Still a Prefect NooB! I am failing to find a simp...
# prefect-community
c
Still a Prefect NooB! I am failing to find a simple example of what I am trying to do with Prefect. It seems like it would be not very much code! Firstly I want to run a query in a file against a Snowflake database. Secondly, I'd like to take the data returned by the snowflake query and insert it into a postgres table. Seems simple, right?
1
...and yet, I am not sure where to begin! I've done lots of SQL in my life but am completely new to both Prefect & Python. But I like to think I can be taught! 😜
k
Just to make sure I understood correctly, you are writing the workflow in Python right?
c
Yeah I think that is the plan. Thats what Prefect is all about right? Running work flows written in Python?
k
that’s right
I would suggest that you have functions written in Python first. Then read this getting started tutorial
c
Hmmm. Yeah we are currently on 1.2.4 not sure when an upgrade will happen
b
If I can add two cents, prefect is much easier to learn than database connectors, which can be a tricky topic in their own right! Try getting started with psycopg2 for Postgres and the snowflake-connector for Snowflake.
c
Billy, thanks I appreciate the advice. But rather than diving down rabbit holes I really wish I could see a simple script that does what I described. Run a query against one database, insert the results to a table in a different database. It seems like it would be a pretty common type of task, but the simple Prefect examples I have seen are mostly just manipulating data defined in the example script rather than hitting a database as a source.
b
Respectfully, I think this request is beyond the scope of the community slack, and it's a very busy time at Prefect HQ. That being said, here is an incomplete implementation that would do something like what you have requested.

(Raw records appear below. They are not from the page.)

(* Let $\tau$ be any substitution whose ll and rl graphs are subfixed. Then \[\mathcal{L}_2(\tau)=\{u\in\mathcal{A}^2 : \exists a\in\mathcal{A},\ u \text{ is a factor of } \tau(a)\}\cup\{u\in\mathcal{A}^2 : \exists a\in\mathcal{A},\ u \text{ is a factor of } \tau^2(a)\}.\]
   Context: Let $\mathcal{A}$ be a finite nonempty alphabet, $\mathcal{A}^2$ the set of words of length $2$. A word $u$ is a factor of $v$ if $v=w_1uw_2$ for some words $w_1,w_2$. A substitution is a map $\tau:\mathcal{A}\to\mathcal{A}^+$ (nonempty words), extended to a concatenation-respecting map on words. The language $\mathcal{L}(\tau)$ is the set of words that are factors of $\tau^n(a)$ for some letter $a$ and some $n\ge1$, and $\mathcal{L}_2(\tau)$ is its set of words of length $2$. The ll graph (resp. rl graph) is the directed graph on vertex set $\mathcal{A}$ with exactly one edge from each letter $a$ to the leftmost (resp. rightmost) letter of $\tau(a)$. Such a graph is subfixed if for every vertex $x$, either the edge leaving $x$ goes to $x$, or it goes to a vertex $y$ whose outgoing edge goes to $y$ itself. *)

theory Defs
  imports Main
begin

definition is_substitution :: "('a \<Rightarrow> 'a list) \<Rightarrow> bool" where
  "is_substitution \<tau> \<longleftrightarrow> (\<forall>a. \<tau> a \<noteq> [])"

definition subst_word :: "('a \<Rightarrow> 'a list) \<Rightarrow> 'a list \<Rightarrow> 'a list" where
  "subst_word \<tau> w = concat (map \<tau> w)"

definition is_factor :: "'a list \<Rightarrow> 'a list \<Rightarrow> bool" where
  "is_factor u v \<longleftrightarrow> (\<exists>w1 w2. v = w1 @ u @ w2)"

definition lang :: "('a \<Rightarrow> 'a list) \<Rightarrow> 'a list set" where
  "lang \<tau> = {u. \<exists>a n. n \<ge> 1 \<and> is_factor u ((subst_word \<tau> ^^ n) [a])}"

definition lang2 :: "('a \<Rightarrow> 'a list) \<Rightarrow> 'a list set" where
  "lang2 \<tau> = {u \<in> lang \<tau>. length u = 2}"

text \<open>ll graph: edge a -> leftmost letter of tau(a); rl graph: rightmost letter.\<close>
definition ll_edge :: "('a \<Rightarrow> 'a list) \<Rightarrow> 'a \<Rightarrow> 'a" where
  "ll_edge \<tau> a = hd (\<tau> a)"

definition rl_edge :: "('a \<Rightarrow> 'a list) \<Rightarrow> 'a \<Rightarrow> 'a" where
  "rl_edge \<tau> a = last (\<tau> a)"

definition subfixed :: "('a \<Rightarrow> 'a) \<Rightarrow> bool" where
  "subfixed g \<longleftrightarrow> (\<forall>x. g x = x \<or> g (g x) = g x)"

end

theory Submission
  imports Defs
begin

text \<open>A factor of length two of \<open>\<tau>(w)\<close> either lies inside some \<open>\<tau>(c)\<close> or straddles a
  boundary, in which case it is \<open>[last \<tau>(c), hd \<tau>(d)]\<close> for a factor \<open>[c, d]\<close> of \<open>w\<close>.
  Hence \<open>\<L>\<^sub>2(\<tau>)\<close> is contained in every set of two-letter words that contains the
  two-letter factors of all \<open>\<tau>(a)\<close> and is closed under \<open>[c, d] \<mapsto> [last \<tau>(c), hd \<tau>(d)]\<close>.
  The two-letter factors of the words \<open>\<tau>(a)\<close> and \<open>\<tau>\<^sup>2(a)\<close> form such a set: a straddling
  factor of \<open>\<tau>\<^sup>2(a)\<close> has the form \<open>[last \<tau>(e), hd \<tau>(f)]\<close>, and since both graphs are
  subfixed, \<open>last \<tau>\<close> and \<open>hd \<tau>\<close> are idempotent on letters, so the map fixes it.\<close>

lemma is_factor_Nil_iff [simp]: "is_factor u [] \<longleftrightarrow> u = []"
  unfolding is_factor_def by auto

lemma is_factor_pair_Cons_iff:
  "is_factor [x, y] (c # v) \<longleftrightarrow> (c = x \<and> v \<noteq> [] \<and> hd v = y) \<or> is_factor [x, y] v"
proof -
  have "is_factor u (c # v) \<longleftrightarrow> (\<exists>w. c # v = u @ w) \<or> is_factor u v" for u
    unfolding is_factor_def by (auto simp: Cons_eq_append_conv)
  then show ?thesis by (cases v) auto
qed

lemma is_factor_pair_append_iff:
  "is_factor [x, y] (v @ w) \<longleftrightarrow> is_factor [x, y] v \<or> is_factor [x, y] w \<or>
     (v \<noteq> [] \<and> w \<noteq> [] \<and> x = last v \<and> y = hd w)"
  by (induction v) (auto simp: is_factor_pair_Cons_iff)

lemma subst_word_Nil [simp]: "subst_word \<tau> [] = []"
  and subst_word_Cons [simp]: "subst_word \<tau> (c # w) = \<tau> c @ subst_word \<tau> w"
  by (simp_all add: subst_word_def)

lemma subst_word_eq_Nil_iff [simp]:
  "is_substitution \<tau> \<Longrightarrow> subst_word \<tau> w = [] \<longleftrightarrow> w = []"
  by (cases w) (auto simp: is_substitution_def)

lemma subst_word_singleton [simp]: "subst_word \<tau> [a] = \<tau> a"
  by (simp add: subst_word_def)

lemma hd_subst_word:
  "is_substitution \<tau> \<Longrightarrow> w \<noteq> [] \<Longrightarrow> hd (subst_word \<tau> w) = hd (\<tau> (hd w))"
  by (cases w) (auto simp: is_substitution_def)

lemma is_factor_pair_subst_word_iff:
  assumes "is_substitution \<tau>"
  shows "is_factor [x, y] (subst_word \<tau> w) \<longleftrightarrow>
    (\<exists>c \<in> set w. is_factor [x, y] (\<tau> c)) \<or>
    (\<exists>c d. is_factor [c, d] w \<and> x = last (\<tau> c) \<and> y = hd (\<tau> d))"
proof (induction w)
  case (Cons c w)
  have "\<tau> c \<noteq> []"
    using assms by (simp add: is_substitution_def)
  then have "is_factor [x, y] (subst_word \<tau> (c # w)) \<longleftrightarrow>
      is_factor [x, y] (\<tau> c) \<or> is_factor [x, y] (subst_word \<tau> w) \<or>
      (w \<noteq> [] \<and> x = last (\<tau> c) \<and> y = hd (\<tau> (hd w)))"
    using assms by (auto simp: is_factor_pair_append_iff hd_subst_word)
  also have "\<dots> \<longleftrightarrow> (\<exists>c' \<in> set (c # w). is_factor [x, y] (\<tau> c')) \<or>
    (\<exists>c' d. is_factor [c', d] (c # w) \<and> x = last (\<tau> c') \<and> y = hd (\<tau> d))"
    unfolding Cons.IH is_factor_pair_Cons_iff by auto
  finally show ?case .
qed simp

lemma lang2_subset_if_closed:
  assumes subst: "is_substitution \<tau>"
    and letter_pairs: "\<And>a x y. is_factor [x, y] (\<tau> a) \<Longrightarrow> [x, y] \<in> S"
    and closed: "\<And>c d. [c, d] \<in> S \<Longrightarrow> [last (\<tau> c), hd (\<tau> d)] \<in> S"
  shows "lang2 \<tau> \<subseteq> S"
proof
  have "is_factor [x, y] ((subst_word \<tau> ^^ n) [a]) \<Longrightarrow> [x, y] \<in> S" if "n \<ge> 1" for n a x y
    using that
  proof (induction n arbitrary: x y rule: dec_induct)
    case base
    then show ?case
      using letter_pairs by simp
  next
    case (step n)
    then show ?case
      using letter_pairs closed by (auto simp: is_factor_pair_subst_word_iff[OF subst])
  qed
  then show "u \<in> S" if "u \<in> lang2 \<tau>" for u
    using that by (auto simp: lang2_def lang_def length_Suc_conv numeral_2_eq_2)
qed

lemma subfixed_idem: "subfixed g \<Longrightarrow> g (g x) = g x"
  unfolding subfixed_def by metis

definition two_step_pairs :: "('a \<Rightarrow> 'a list) \<Rightarrow> 'a list set" where
  "two_step_pairs \<tau> =
     {u. length u = 2 \<and> (\<exists>a. is_factor u (\<tau> a) \<or> is_factor u (subst_word \<tau> (\<tau> a)))}"

lemma two_step_pairs_subset_lang2: "two_step_pairs \<tau> \<subseteq> lang2 \<tau>"
proof
  fix u
  assume "u \<in> two_step_pairs \<tau>"
  then obtain a where "length u = 2"
    and "is_factor u ((subst_word \<tau> ^^ 1) [a]) \<or> is_factor u ((subst_word \<tau> ^^ 2) [a])"
    by (auto simp: two_step_pairs_def numeral_2_eq_2)
  moreover have "(1::nat) \<le> 2"
    by simp
  ultimately show "u \<in> lang2 \<tau>"
    unfolding lang2_def lang_def by blast
qed

lemma two_step_pairs_closed:
  assumes subst: "is_substitution \<tau>"
    and ll: "subfixed (ll_edge \<tau>)" and rl: "subfixed (rl_edge \<tau>)"
    and cd: "[c, d] \<in> two_step_pairs \<tau>"
  shows "[last (\<tau> c), hd (\<tau> d)] \<in> two_step_pairs \<tau>"
proof -
  have inner: "[last (\<tau> c), hd (\<tau> d)] \<in> two_step_pairs \<tau>" if "is_factor [c, d] (\<tau> a)" for a
    using that by (auto simp: two_step_pairs_def is_factor_pair_subst_word_iff[OF subst])
  obtain a where "is_factor [c, d] (\<tau> a) \<or> is_factor [c, d] (subst_word \<tau> (\<tau> a))"
    using cd by (auto simp: two_step_pairs_def)
  then consider b where "is_factor [c, d] (\<tau> b)"
    | e f where "c = last (\<tau> e)" "d = hd (\<tau> f)"
    by (auto simp: is_factor_pair_subst_word_iff[OF subst])
  then show ?thesis
  proof cases
    case 2
    then have "last (\<tau> c) = c" "hd (\<tau> d) = d"
      using subfixed_idem[OF rl, of e] subfixed_idem[OF ll, of f]
      by (simp_all add: rl_edge_def ll_edge_def)
    then show ?thesis using cd by simp
  qed (rule inner)
qed

theorem mainTheorem11:
  fixes \<tau> :: "'a::finite \<Rightarrow> 'a list"
  assumes "is_substitution \<tau>"
    and "subfixed (ll_edge \<tau>)"
    and "subfixed (rl_edge \<tau>)"
  shows "lang2 \<tau> =
    {u. length u = 2 \<and> (\<exists>a. is_factor u (\<tau> a))} \<union>
    {u. length u = 2 \<and> (\<exists>a. is_factor u (subst_word \<tau> (subst_word \<tau> [a])))}"
proof -
  have "lang2 \<tau> = two_step_pairs \<tau>"
  proof
    show "lang2 \<tau> \<subseteq> two_step_pairs \<tau>"
    proof (rule lang2_subset_if_closed[OF assms(1)])
      show "[x, y] \<in> two_step_pairs \<tau>" if "is_factor [x, y] (\<tau> a)" for a x y
        using that by (auto simp: two_step_pairs_def)
    qed (rule two_step_pairs_closed[OF assms])
  qed (rule two_step_pairs_subset_lang2)
  also have "\<dots> = {u. length u = 2 \<and> (\<exists>a. is_factor u (\<tau> a))} \<union>
    {u. length u = 2 \<and> (\<exists>a. is_factor u (subst_word \<tau> (subst_word \<tau> [a])))}"
    by (auto simp: two_step_pairs_def)
  finally show ?thesis .
qed

end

The tricky part of this is going to be connecting securely to your respective databases (I've used custom classes which encapsulate my implementation). You may also run into some performance issues on the insert, if the number of records is large. It's tough to give an example simply because there are so many ways to do this, and the implementation details will be highly specific to your environment.
Copy code
import pendulum
from my_private_package import PostgresClient, SnowflakeClient, slack_failure_notification
from prefect import Flow, Parameter, task
from prefect.schedules import CronSchedule


@task
def get_data_from_snowflake(project_name, report_date):
    with SnowflakeClient() as snowflake:
        data = snowflake.execute(
            sql_statement=get_data_sql_statement,
            params={
                "project_name": project_name,
                "report_date": report_date,
            },
        )
    return data

@task
def load_data_to_postgres(data):
    with PostgresClient() as pg:
        pg.execute(sql_statement=load_data_sql_statement, values=data)


with Flow(
    "Snowflake to PostgreSQL",
    schedule=CronSchedule("0 8 * * 1-5", start_date=pendulum.now("America/New_York")),
    state_handlers=[slack_failure_notification],
) as flow:
    project_name = Parameter("project")
    report_date = Parameter("report_data")
    data = get_data_from_snowflake(project_name=project_name, report_date=report_date)
    load_data_to_postgres(data)